Sunday, 14 September 2014

Probing the brain? A "Syai" perspective on the old mind/ body controversy.

Before birth there are only the rudiments of connections between the brain-cells with each other and the rest of the body. At the time of a viable birth, when the organism begins to breath the outside air,  an explosion occurs that could be likened to "the Big Bang". It could also be regarded as the beginning of the entrance of the mind into brain, body, that locality of the living environment - even properly into the Universe itself.

Our present bio-science would (I think) have to go along with the above, despite the difficulty of defining in scientific terms what is meant by the mind.  For reasons that are easily understood - mostly to do with emotions - the prospective parent often finds it hard to understand what kind of an organism the "unborn child" is.

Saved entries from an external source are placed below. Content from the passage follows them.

section \<open>The discrete Motsch--Tadmor model\<close>

lemma mt_phi_row_sum:
  assumes "\<And>r. 0 \<le> r \<Longrightarrow> 0 < a r" and "i < N"
  shows "(\<Sum>j<N. mt_phi N a x n i j) = 1"
proof -
  have "0 < (\<Sum>k<N. a (norm (x n i - x n k)))"
    using assms by (intro sum_pos) auto
  then show ?thesis
    unfolding mt_phi_def by (simp flip: sum_divide_distrib)
qed

lemma mt_phi_deviation_abs_le:
  assumes c1: "0 < c1" and a_lower: "\<And>r. 0 \<le> r \<Longrightarrow> c1 \<le> a r"
    and Lip: "\<And>r1 r2. 0 \<le> r1 \<Longrightarrow> 0 \<le> r2 \<Longrightarrow> \<bar>a r1 - a r2\<bar> \<le> La * \<bar>r1 - r2\<bar>"
    and i: "i < N"
  shows "\<bar>mt_phi N a x n i j - 1 / real N\<bar>
    \<le> La / ((real N)\<^sup>2 * c1) * (\<Sum>k<N. norm (x n j - x n k))"
proof -
  define y where "y = x n"
  define S where "S = (\<Sum>k<N. a (norm (y i - y k)))"
  have N: "0 < real N" using i by simp
  have La: "0 \<le> La" using Lip[of 1 0] by simp
  have S: "real N * c1 \<le> S"
    unfolding S_def using sum_mono[of "{..<N}" "\<lambda>_. c1"] a_lower by simp
  have S_pos: "0 < S" using S mult_pos_pos[OF N c1] by linarith
  have "mt_phi N a x n i j - 1 / real N = (real N * a (norm (y i - y j)) - S) / (real N * S)"
    unfolding mt_phi_def y_def[symmetric] S_def[symmetric] using S_pos N by (simp add: field_simps)
  also have "real N * a (norm (y i - y j)) - S = (\<Sum>k<N. a (norm (y i - y j)) - a (norm (y i - y k)))"
    unfolding S_def by (simp add: sum_subtractf)
  finally have eq: "mt_phi N a x n i j - 1 / real N
      = (\<Sum>k<N. a (norm (y i - y j)) - a (norm (y i - y k))) / (real N * S)" .
  have "\<bar>a (norm (y i - y j)) - a (norm (y i - y k))\<bar> \<le> La * norm (y j - y k)" for k
  proof -
    have "\<bar>a (norm (y i - y j)) - a (norm (y i - y k))\<bar> \<le> La * \<bar>norm (y i - y j) - norm (y i - y k)\<bar>"
      by (rule Lip) auto
    also have "\<dots> \<le> La * norm (y j - y k)"
      using norm_triangle_ineq3[of "y i - y j" "y i - y k"] La
      by (intro mult_left_mono) (auto simp: norm_minus_commute)
    finally show ?thesis .
  qed
  then have "\<bar>\<Sum>k<N. a (norm (y i - y j)) - a (norm (y i - y k))\<bar> \<le> La * (\<Sum>k<N. norm (y j - y k))"
    unfolding sum_distrib_left by (intro order_trans[OF sum_abs] sum_mono)
  then have "\<bar>mt_phi N a x n i j - 1 / real N\<bar> \<le> La * (\<Sum>k<N. norm (y j - y k)) / (real N * S)"
    unfolding eq using S_pos N by (simp add: abs_divide divide_right_mono)
  also have "\<dots> \<le> La * (\<Sum>k<N. norm (y j - y k)) / (real N * (real N * c1))"
    using S S_pos N c1 La
    by (intro divide_left_mono mult_left_mono mult_nonneg_nonneg sum_nonneg mult_pos_pos) auto
  finally show ?thesis
    by (simp add: y_def power2_eq_square mult.assoc)
qed

lemma mt_phi_deviation_le:
  assumes c1: "0 < c1" and a_lower: "\<And>r. 0 \<le> r \<Longrightarrow> c1 \<le> a r"
    and Lip: "\<And>r1 r2. 0 \<le> r1 \<Longrightarrow> 0 \<le> r2 \<Longrightarrow> \<bar>a r1 - a r2\<bar> \<le> La * \<bar>r1 - r2\<bar>"
  shows "frob_real N (\<lambda>i j. mt_phi N a x n i j - 1 / real N) \<le> La / (real N * c1) * spread N (x n)"
proof -
  define B where "B = La / ((real N)\<^sup>2 * c1)"
  have La: "0 \<le> La" using Lip[of 1 0] by simp
  have entry: "(mt_phi N a x n i j - 1 / real N)\<^sup>2 \<le> B\<^sup>2 * (real N * (\<Sum>k<N. (norm (x n j - x n k))\<^sup>2))"
    if "i < N" for i j
  proof -
    have "(mt_phi N a x n i j - 1 / real N)\<^sup>2 \<le> (B * (\<Sum>k<N. 1 * norm (x n j - x n k)))\<^sup>2"
      using mt_phi_deviation_abs_le[OF c1 a_lower Lip that, of x n j]
      by (simp add: B_def power2_le_iff_abs_le)
    also have "\<dots> \<le> B\<^sup>2 * ((\<Sum>k<N. 1\<^sup>2) * (\<Sum>k<N. (norm (x n j - x n k))\<^sup>2))"
      unfolding power_mult_distrib by (intro mult_left_mono Cauchy_Schwarz_ineq_sum) auto
    finally show ?thesis by simp
  qed
  have "(\<Sum>i<N. \<Sum>j<N. (mt_phi N a x n i j - 1 / real N)\<^sup>2)
      \<le> (\<Sum>i<N. \<Sum>j<N. B\<^sup>2 * (real N * (\<Sum>k<N. (norm (x n j - x n k))\<^sup>2)))"
    by (intro sum_mono entry) auto
  also have "\<dots> = real N * (B\<^sup>2 * (real N * (spread N (x n))\<^sup>2))"
    by (simp add: spread_squared sum_distrib_left)
  also have "\<dots> = (La / (real N * c1) * spread N (x n))\<^sup>2"
    by (cases "N = 0") (simp_all add: B_def power2_eq_square field_simps)
  finally show ?thesis
    unfolding frob_real_def using La c1
    by (intro real_le_lsqrt) (auto simp: sum_nonneg spread_nonneg)
qed

lemma mt_solution_velocity_step:
  assumes "mt_solution N \<kappa> h a x v" and "i < N"
  shows "v (Suc n) i = consensus_step N (h * \<kappa>) (mt_phi N a x n) (v n) i"
  using assms unfolding mt_solution_def consensus_step_def by simp

lemma mt_spread_position_step:
  assumes "mt_solution N \<kappa> h a x v" and "0 \<le> h"
  shows "spread N (x (Suc n)) \<le> spread N (x n) + h * spread N (v n)"
proof -
  have "spread N (x (Suc n)) = spread N (\<lambda>i. x n i + h *\<^sub>R v n i)"
    using assms(1) unfolding mt_solution_def by (intro spread_cong) simp
  also have "\<dots> \<le> spread N (x n) + h * spread N (v n)"
    using spread_add_le[of N "x n" "\<lambda>i. h *\<^sub>R v n i"] assms(2) by (simp add: spread_scaleR)
  finally show ?thesis .
qed

lemma mt_spread_position_lt:
  assumes sol: "mt_solution N \<kappa> h a x v" and N: "1 \<le> N"
    and c1: "0 < c1" and a_lower: "\<And>r. 0 \<le> r \<Longrightarrow> c1 \<le> a r"
    and Lip: "\<And>r1 r2. 0 \<le> r1 \<Longrightarrow> 0 \<le> r2 \<Longrightarrow> \<bar>a r1 - a r2\<bar> \<le> La * \<bar>r1 - r2\<bar>"
    and M: "0 < M" "La * M / c1 \<le> 1 / 8"
    and \<kappa>: "0 < \<kappa>" and h: "0 < h" "h * \<kappa> < 1"
    and init: "spread N (x 0) < M"
      "spread N (v 0) < \<kappa> * integral {spread N (x 0)..M} (\<lambda>s. 1 - s / (4 * M))"
  shows "spread N (x n) < M"
proof (rule discrete_flocking_bound[where X = "\<lambda>n. spread N (x n)" and V = "\<lambda>n. spread N (v n)"])
  show "spread N (x (Suc n)) \<le> spread N (x n) + h * spread N (v n)" for n
    using mt_spread_position_step[OF sol] h by simp
next
  fix n
  let ?f = "frob_real N (\<lambda>i j. mt_phi N a x n i j - 1 / real N)"
  have a_pos: "0 < a r" if "0 \<le> r" for r
    using a_lower[OF that] c1 by simp
  have "La / (real N * c1) \<le> La / c1"
    using N c1 Lip[of 1 0] by (intro divide_left_mono) (auto simp: mult_le_cancel_right1)
  also have "\<dots> \<le> 1 / (8 * M)"
    using M c1 by (simp add: field_simps)
  finally have "La / (real N * c1) * spread N (x n) \<le> 1 / (8 * M) * spread N (x n)"
    by (rule mult_right_mono) (rule spread_nonneg)
  then have "2 * ?f \<le> spread N (x n) / (4 * M)"
    using mt_phi_deviation_le[OF c1 a_lower Lip, of N x n] by simp
  then have "h * \<kappa> * (2 * ?f) \<le> h * \<kappa> * (spread N (x n) / (4 * M))"
    using h \<kappa> by (intro mult_left_mono) auto
  then have coeff: "1 - h * \<kappa> + 2 * (h * \<kappa>) * ?f \<le> 1 - h * \<kappa> + h * \<kappa> * spread N (x n) / (4 * M)"
    by (simp add: ac_simps)
  have "spread N (v (Suc n)) = spread N (consensus_step N (h * \<kappa>) (mt_phi N a x n) (v n))"
    using mt_solution_velocity_step[OF sol] by (rule spread_cong)
  also have "\<dots> \<le> (1 - h * \<kappa> + 2 * (h * \<kappa>) * ?f) * spread N (v n)"
    using h \<kappa> by (intro spread_consensus_step_le mt_phi_row_sum a_pos) auto
  also have "\<dots> \<le> (1 - h * \<kappa> + h * \<kappa> * spread N (x n) / (4 * M)) * spread N (v n)"
    using coeff spread_nonneg by (rule mult_right_mono)
  finally show "spread N (v (Suc n)) \<le> (1 - h * \<kappa> + h * \<kappa> * spread N (x n) / (4 * M)) * spread N (v n)" .
qed (use M \<kappa> h init spread_nonneg in auto)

Bio-science has to be more objective about this. Scientist's job is also to look into a wider context of social health and humanity's future, and not be swayed by falling foul of popular sentiment and the views of religious propagandists.

Nevertheless, philosophers and theologians need to correct the tendency in science to down-play or even dismiss the concept of the mind. The mind is not just a spiritual concept. It is necessary to make sense of knowledge.  Like (but unlike) the brain, the mind has a structure; a structure which psychologists like Freud have from long ago been trying to probe into and map. What is the special difficulty of this? It is that the mind is, as it were, a meta-structured unstable non-material thing, produced from the physically examinable structure of the brain and body and the whole hard-to-fathom, life-enabling environment. As such, it produces the abstract, but dynamic structures of our ways of thinking and shifting emotions.

A philosophically apparent absurdity is the attempt to by-pass the mind. That dead-end was pursued by some in the behaviourist school. Our brain certainly has a vital part to play in our human curiosity to examine and understand the brain, the body, and all that surrounds it.  However, without the mind's abstractive development of pattern, picture and explanation, the activity of the brain (and body) in probing the secrets of the brain would be as vacuous as one mirror confronting another.The mind is not centred in the physical brain despite the fact that the brain is its "starting engine", playing a primary role. The secondary role is played by the rest of the body. But there is still a tertiary role that is of the utmost importance. It is the whole surrounding biosphere of our life-home, the Earth.

Home-sickness? To get the feeling of just how real  the h(r)uman mind-and-soul is, you might try a stint of living in a physically life-sustaining bubble on Mars.